超越コーティング:防汚・抗菌効果を示す高機能保護膜(東京大学物性研究所HP)
                           
「超越コーティング」の技術開発はすばらしい成功を見せている。しかし、陽子さんはまた、ここで留まることを拒否する。
「この研究は、必ず世界の役に立つと確信しています。もっともっと、研究を重ね、精進したいと思います」
彼女は今、またも大きく飛躍しようとしている。期待とともに見つめ続けたい。

(聞き手・文 堀口裕世)

共生可能な社会をつくる〝超越技術〟

(株)シリカジェン代表取締役社長 芦田秀

株式会社シリカジェン代表取締役の芦田秀と申します。当社は岩宮陽子会長が発明した「超越技術」を、同氏が代表を務める(株)超越化研と共に事業展開し、地球と人類の共生に役立つことを目的として2021年11月に設立致しました。
岩宮氏の超越技術を、ネーブルジャパン様が「音響素材」Sound Woodsの木材にコーティングしていただいたことがきっかけで、ネーブルジャパン様には当社の重要な株主となっていただいております。

当社代表の私、芦田秀は東京の広告代理店に勤めておりましたが、ネーブルジャパン様からのご紹介で2019年に岩宮氏と出会い、宇宙に船出予定の日本人キャプテンが宇宙空間に持ってゆくお土産に超越技術を付与するというお仕事をご一緒させて頂きました。
その際、超越技術が、製品・製造工程ともに地球にやさしく人体にも安全な独自のガラス技術であることを実感し、地球と人類の共存共栄の必要性が叫ばれる今、まさに世に広め、世に役立てるべき技術であると確信するに至りました。
それから約3年余り、岩宮氏は超越技術を絶え間なく進化させ、今では超越技術に関する論文が複数、東京大学や鶴見大学から日英語で発表され、世界各国の企業からも注目されるに至っています。

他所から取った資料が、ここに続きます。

(* Let $\Bbbk$ be an algebraically closed field of characteristic $0$ and let $P=\Bbbk[x_1,\dots,x_n]$ be a quadratic Poisson algebra. Let $G$ be a subgroup of $\mathrm{PAut}_{\mathrm{gr}}(P)$ and $\widetilde G=\{\widetilde\phi:\phi\in G\}$. Then $\widetilde G$ is a subgroup of the graded automorphism group of $U(P)$ and the map $\phi\mapsto\widetilde\phi$ is a group isomorphism $G\cong\widetilde G$.
   Context: $P$ has the standard grading and is quadratic: $\{P_1,P_1\}\subseteq P_2$. $\mathrm{PAut}_{\mathrm{gr}}(P)$ is the group of degree-preserving bijective Poisson (algebra and Lie) homomorphisms of $P$. $U(P)$ is the $\Bbbk$-algebra generated by $x_1,\dots,x_n,y_1,\dots,y_n$ (degree $1$) with relations $[x_i,x_j]=0$, $[y_i,y_j]=\sum_k\frac{\partial\{x_i,x_j\}}{\partial x_k}y_k$, $[y_i,x_j]=\{x_i,x_j\}$. For $\phi\in\mathrm{PAut}_{\mathrm{gr}}(P)$, $\widetilde\phi$ is the graded automorphism of $U(P)$ with $\widetilde\phi(x_i)=\phi(x_i)$, $\widetilde\phi(y_i)=\sum_j\frac{\partial\phi(x_i)}{\partial x_j}y_j$. *)

theory Defs
  imports "HOL-Library.Poly_Mapping" "HOL-Computational_Algebra.Polynomial" "HOL-Algebra.Bij"
begin

type_synonym ('n, 'k) mpoly = "('n \<Rightarrow>\<^sub>0 nat) \<Rightarrow>\<^sub>0 'k"

definition Var :: "'n \<Rightarrow> ('n, 'k::comm_semiring_1) mpoly" where
  "Var i = Poly_Mapping.single (Poly_Mapping.single i 1) 1"

definition Const :: "'k \<Rightarrow> ('n, 'k::comm_semiring_1) mpoly" where
  "Const c = Poly_Mapping.single 0 c"

definition mdeg :: "('n::finite \<Rightarrow>\<^sub>0 nat) \<Rightarrow> nat" where
  "mdeg m = (\<Sum>i\<in>UNIV. Poly_Mapping.lookup m i)"

definition homogeneous :: "nat \<Rightarrow> ('n::finite, 'k::comm_semiring_1) mpoly \<Rightarrow> bool" where
  "homogeneous d p \<longleftrightarrow> (\<forall>m\<in>Poly_Mapping.keys p. mdeg m = d)"

definition pd :: "'n \<Rightarrow> ('n, 'k::comm_semiring_1) mpoly \<Rightarrow> ('n, 'k) mpoly" where
  "pd i p = (\<Sum>m\<in>Poly_Mapping.keys p. Poly_Mapping.single (m - Poly_Mapping.single i 1)
                                 (of_nat (Poly_Mapping.lookup m i) * Poly_Mapping.lookup p m))"

definition poisson_bracket :: "(('n, 'k::field) mpoly \<Rightarrow> ('n, 'k) mpoly \<Rightarrow> ('n, 'k) mpoly) \<Rightarrow> bool" where
  "poisson_bracket br \<longleftrightarrow>
     (\<forall>p q r. br (p + q) r = br p r + br q r) \<and>
     (\<forall>c p q. br (Const c * p) q = Const c * br p q) \<and>
     (\<forall>p q. br p q = - br q p) \<and>
     (\<forall>p q r. br p (br q r) + br q (br r p) + br r (br p q) = 0) \<and>
     (\<forall>p q r. br p (q * r) = br p q * r + q * br p r)"

definition quadratic_poisson :: "(('n::finite, 'k::field) mpoly \<Rightarrow> ('n, 'k) mpoly \<Rightarrow> ('n, 'k) mpoly) \<Rightarrow> bool" where
  "quadratic_poisson br \<longleftrightarrow> poisson_bracket br \<and>
     (\<forall>p q. homogeneous 1 p \<longrightarrow> homogeneous 1 q \<longrightarrow> homogeneous 2 (br p q))"

definition PAut_gr :: "(('n::finite, 'k::field) mpoly \<Rightarrow> ('n, 'k) mpoly \<Rightarrow> ('n, 'k) mpoly)
     \<Rightarrow> (('n, 'k) mpoly \<Rightarrow> ('n, 'k) mpoly) set" where
  "PAut_gr br = {\<phi>. bij \<phi> \<and>
      (\<forall>p q. \<phi> (p + q) = \<phi> p + \<phi> q) \<and>
      (\<forall>p q. \<phi> (p * q) = \<phi> p * \<phi> q) \<and>
      \<phi> 1 = 1 \<and>
      (\<forall>c p. \<phi> (Const c * p) = Const c * \<phi> p) \<and>
      (\<forall>p q. \<phi> (br p q) = br (\<phi> p) (\<phi> q)) \<and>
      (\<forall>d p. homogeneous d p \<longrightarrow> homogeneous d (\<phi> p))}"

definition PAutGrp :: "(('n::finite, 'k::field) mpoly \<Rightarrow> ('n, 'k) mpoly \<Rightarrow> ('n, 'k) mpoly)
     \<Rightarrow> (('n, 'k) mpoly \<Rightarrow> ('n, 'k) mpoly) monoid" where
  "PAutGrp br = \<lparr>carrier = PAut_gr br, mult = (\<circ>), one = id\<rparr>"

datatype 'a fword = FW (fwlist: "'a list")

instantiation fword :: (type) monoid_add
begin
definition zero_fword :: "'a fword" where "zero_fword = FW []"
definition plus_fword :: "'a fword \<Rightarrow> 'a fword \<Rightarrow> 'a fword" where
  "plus_fword u v = FW (fwlist u @ fwlist v)"
instance by standard (auto simp: zero_fword_def plus_fword_def)
end

type_synonym ('n, 'k) falg = "('n + 'n) fword \<Rightarrow>\<^sub>0 'k"

definition FConst :: "'k \<Rightarrow> ('n, 'k::field) falg" where
  "FConst c = Poly_Mapping.single 0 c"

definition Gen :: "'n + 'n \<Rightarrow> ('n, 'k::field) falg" where
  "Gen g = Poly_Mapping.single (FW [g]) 1"

abbreviation X :: "'n \<Rightarrow> ('n, 'k::field) falg" where "X i \<equiv> Gen (Inl i)"
abbreviation Y :: "'n \<Rightarrow> ('n, 'k::field) falg" where "Y i \<equiv> Gen (Inr i)"

definition comm :: "('n, 'k::field) falg \<Rightarrow> ('n, 'k) falg \<Rightarrow> ('n, 'k) falg" where
  "comm a b = a * b - b * a"

definition free_ext :: "('n + 'n \<Rightarrow> ('n, 'k::field) falg) \<Rightarrow> ('n, 'k) falg \<Rightarrow> ('n, 'k) falg" where
  "free_ext h a = (\<Sum>w\<in>Poly_Mapping.keys a. FConst (Poly_Mapping.lookup a w) * prod_list (map h (fwlist w)))"

text \<open>image of a commutative polynomial in x's inside the free algebra (monomials are
  written as words in the x's in some order; in U(P) the x's commute, so the order is irrelevant)\<close>
definition mono_word :: "('n \<Rightarrow>\<^sub>0 nat) \<Rightarrow> 'n list" where
  "mono_word m = (SOME xs. \<forall>i. count_list xs i = Poly_Mapping.lookup m i)"

definition emb :: "('n, 'k::field) mpoly \<Rightarrow> ('n, 'k) falg" where
  "emb p = (\<Sum>m\<in>Poly_Mapping.keys p. FConst (Poly_Mapping.lookup p m) * prod_list (map X (mono_word m)))"

definition Urels :: "(('n::finite, 'k::field) mpoly \<Rightarrow> ('n, 'k) mpoly \<Rightarrow> ('n, 'k) mpoly)
     \<Rightarrow> ('n, 'k) falg set" where
  "Urels br = (\<Union>i j.
      {comm (X i) (X j),
       comm (Y i) (Y j) - (\<Sum>k\<in>UNIV. emb (pd k (br (Var i) (Var j))) * Y k),
       comm (Y i) (X j) - emb (br (Var i) (Var j))})"

definition tsideal :: "('a::ring) set \<Rightarrow> 'a set" where
  "tsideal R = \<Inter>{I. R \<subseteq> I \<and> 0 \<in> I \<and> (\<forall>a\<in>I. \<forall>b\<in>I. a + b \<in> I) \<and>
                     (\<forall>a\<in>I. \<forall>r. r * a \<in> I \<and> a * r \<in> I)}"

definition UI where "UI br = tsideal (Urels br)"

definition Ucls :: "_ \<Rightarrow> ('n::finite, 'k::field) falg \<Rightarrow> ('n, 'k) falg set" where
  "Ucls br a = {b. a - b \<in> UI br}"

definition Ucarrier where "Ucarrier br = range (Ucls br)"

definition Uadd where
  "Uadd br A B = {c. \<exists>a\<in>A. \<exists>b\<in>B. c - (a + b) \<in> UI br}"
definition Umult where
  "Umult br A B = {c. \<exists>a\<in>A. \<exists>b\<in>B. c - a * b \<in> UI br}"
definition Usmul where
  "Usmul br k A = {c. \<exists>a\<in>A. c - FConst k * a \<in> UI br}"
definition Uone where "Uone br = Ucls br 1"

definition fhom :: "nat \<Rightarrow> ('n, 'k::field) falg \<Rightarrow> bool" where
  "fhom d a \<longleftrightarrow> (\<forall>w\<in>Poly_Mapping.keys a. length (fwlist w) = d)"

definition Udeg where "Udeg br d = Ucls br ` {a. fhom d a}"

definition GrAut_U where
  "GrAut_U br = {\<Phi>. \<Phi> \<in> Bij (Ucarrier br) \<and>
      (\<forall>A\<in>Ucarrier br. \<forall>B\<in>Ucarrier br. \<Phi> (Uadd br A B) = Uadd br (\<Phi> A) (\<Phi> B)) \<and>
      (\<forall>A\<in>Ucarrier br. \<forall>B\<in>Ucarrier br. \<Phi> (Umult br A B) = Umult br (\<Phi> A) (\<Phi> B)) \<and>
      (\<forall>c. \<forall>A\<in>Ucarrier br. \<Phi> (Usmul br c A) = Usmul br c (\<Phi> A)) \<and>
      \<Phi> (Uone br) = Uone br \<and>
      (\<forall>d. \<Phi> ` Udeg br d \<subseteq> Udeg br d)}"

definition GrAutGrp_U where
  "GrAutGrp_U br = (BijGroup (Ucarrier br))\<lparr>carrier := GrAut_U br\<rparr>"

definition tilde_gen :: "(('n::finite, 'k::field) mpoly \<Rightarrow> ('n, 'k) mpoly) \<Rightarrow> 'n + 'n \<Rightarrow> ('n, 'k) falg" where
  "tilde_gen \<phi> g = (case g of Inl i \<Rightarrow> emb (\<phi> (Var i))
                            | Inr i \<Rightarrow> (\<Sum>j\<in>UNIV. emb (pd j (\<phi> (Var i))) * Y j))"

definition tilde where
  "tilde br \<phi> = (\<lambda>A\<in>Ucarrier br. Ucls br (free_ext (tilde_gen \<phi>) (SOME a. a \<in> A)))"

end

(*
  A graded Poisson automorphism \<phi> is linear on generators, \<phi>(x_i) = \<Sum>_k a_ik x_k, and its lift
  sends x_i to \<phi>(x_i) and y_i to d(\<phi> x_i) = \<Sum>_k a_ik y_k, where d p = \<Sum>_k (\<partial>p/\<partial>x_k) y_k.
  In U(P) one has [y_k, f] = {x_k, f} for every f and [d q, d q'] = d{q, q'} for linear q, q'.
  Hence the lift carries the defining relations for x_i, y_j to the same relations for
  \<phi>(x_i), d(\<phi> x_j), which hold because \<phi> preserves the bracket; together with the chain rule
  lift(d f) = d(\<phi> f) this shows that \<phi>~ is a well-defined graded automorphism with
  (\<phi> \<psi>)~ = \<phi>~ \<psi>~ and id~ = id. Injectivity of \<phi> \<mapsto> \<phi>~ comes from the U(P)-module P, with x_i
  acting by multiplication and y_i by {x_i, -}: the class of x_i sends 1 to x_i.
*)

theory Submission
  imports Defs "HOL-Library.Multiset"
begin

abbreviation lookup :: "('a \<Rightarrow>\<^sub>0 'b::zero) \<Rightarrow> 'a \<Rightarrow> 'b" where "lookup \<equiv> Poly_Mapping.lookup"
abbreviation keys :: "('a \<Rightarrow>\<^sub>0 'b::zero) \<Rightarrow> 'a set" where "keys \<equiv> Poly_Mapping.keys"
abbreviation single :: "'a \<Rightarrow> 'b::zero \<Rightarrow> 'a \<Rightarrow>\<^sub>0 'b" where "single \<equiv> Poly_Mapping.single"

lemma sum_single_lookup:
  assumes "finite S" "keys p \<subseteq> S"
  shows "(\<Sum>m\<in>S. single m (lookup p m)) = p"
proof (rule poly_mapping_eqI)
  fix k
  have "lookup (\<Sum>m\<in>S. single m (lookup p m)) k = (\<Sum>m\<in>S. if m = k then lookup p m else 0)"
    by (simp add: lookup_sum lookup_single when_def)
  also have "\<dots> = lookup p k"
    using assms by (auto simp: sum.delta' in_keys_iff)
  finally show "lookup (\<Sum>m\<in>S. single m (lookup p m)) k = lookup p k" .
qed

超越技術は紙や木、布地、ガラス、セラミック、金属などの基材に独自のガラス薄膜を生成させることにより基材を高機能化させるもので、プラスチック代替、合成繊維代替、有機材料代替、抗菌‣除菌機能付与、等が可能になります。私たちはこの超越技術を発展・事業展開することにより、地球と人類が共生可能な社会を目指してゆく所存です。
このコラムをお読みいただいた皆様のご理解と応援を宜しくお願い致します。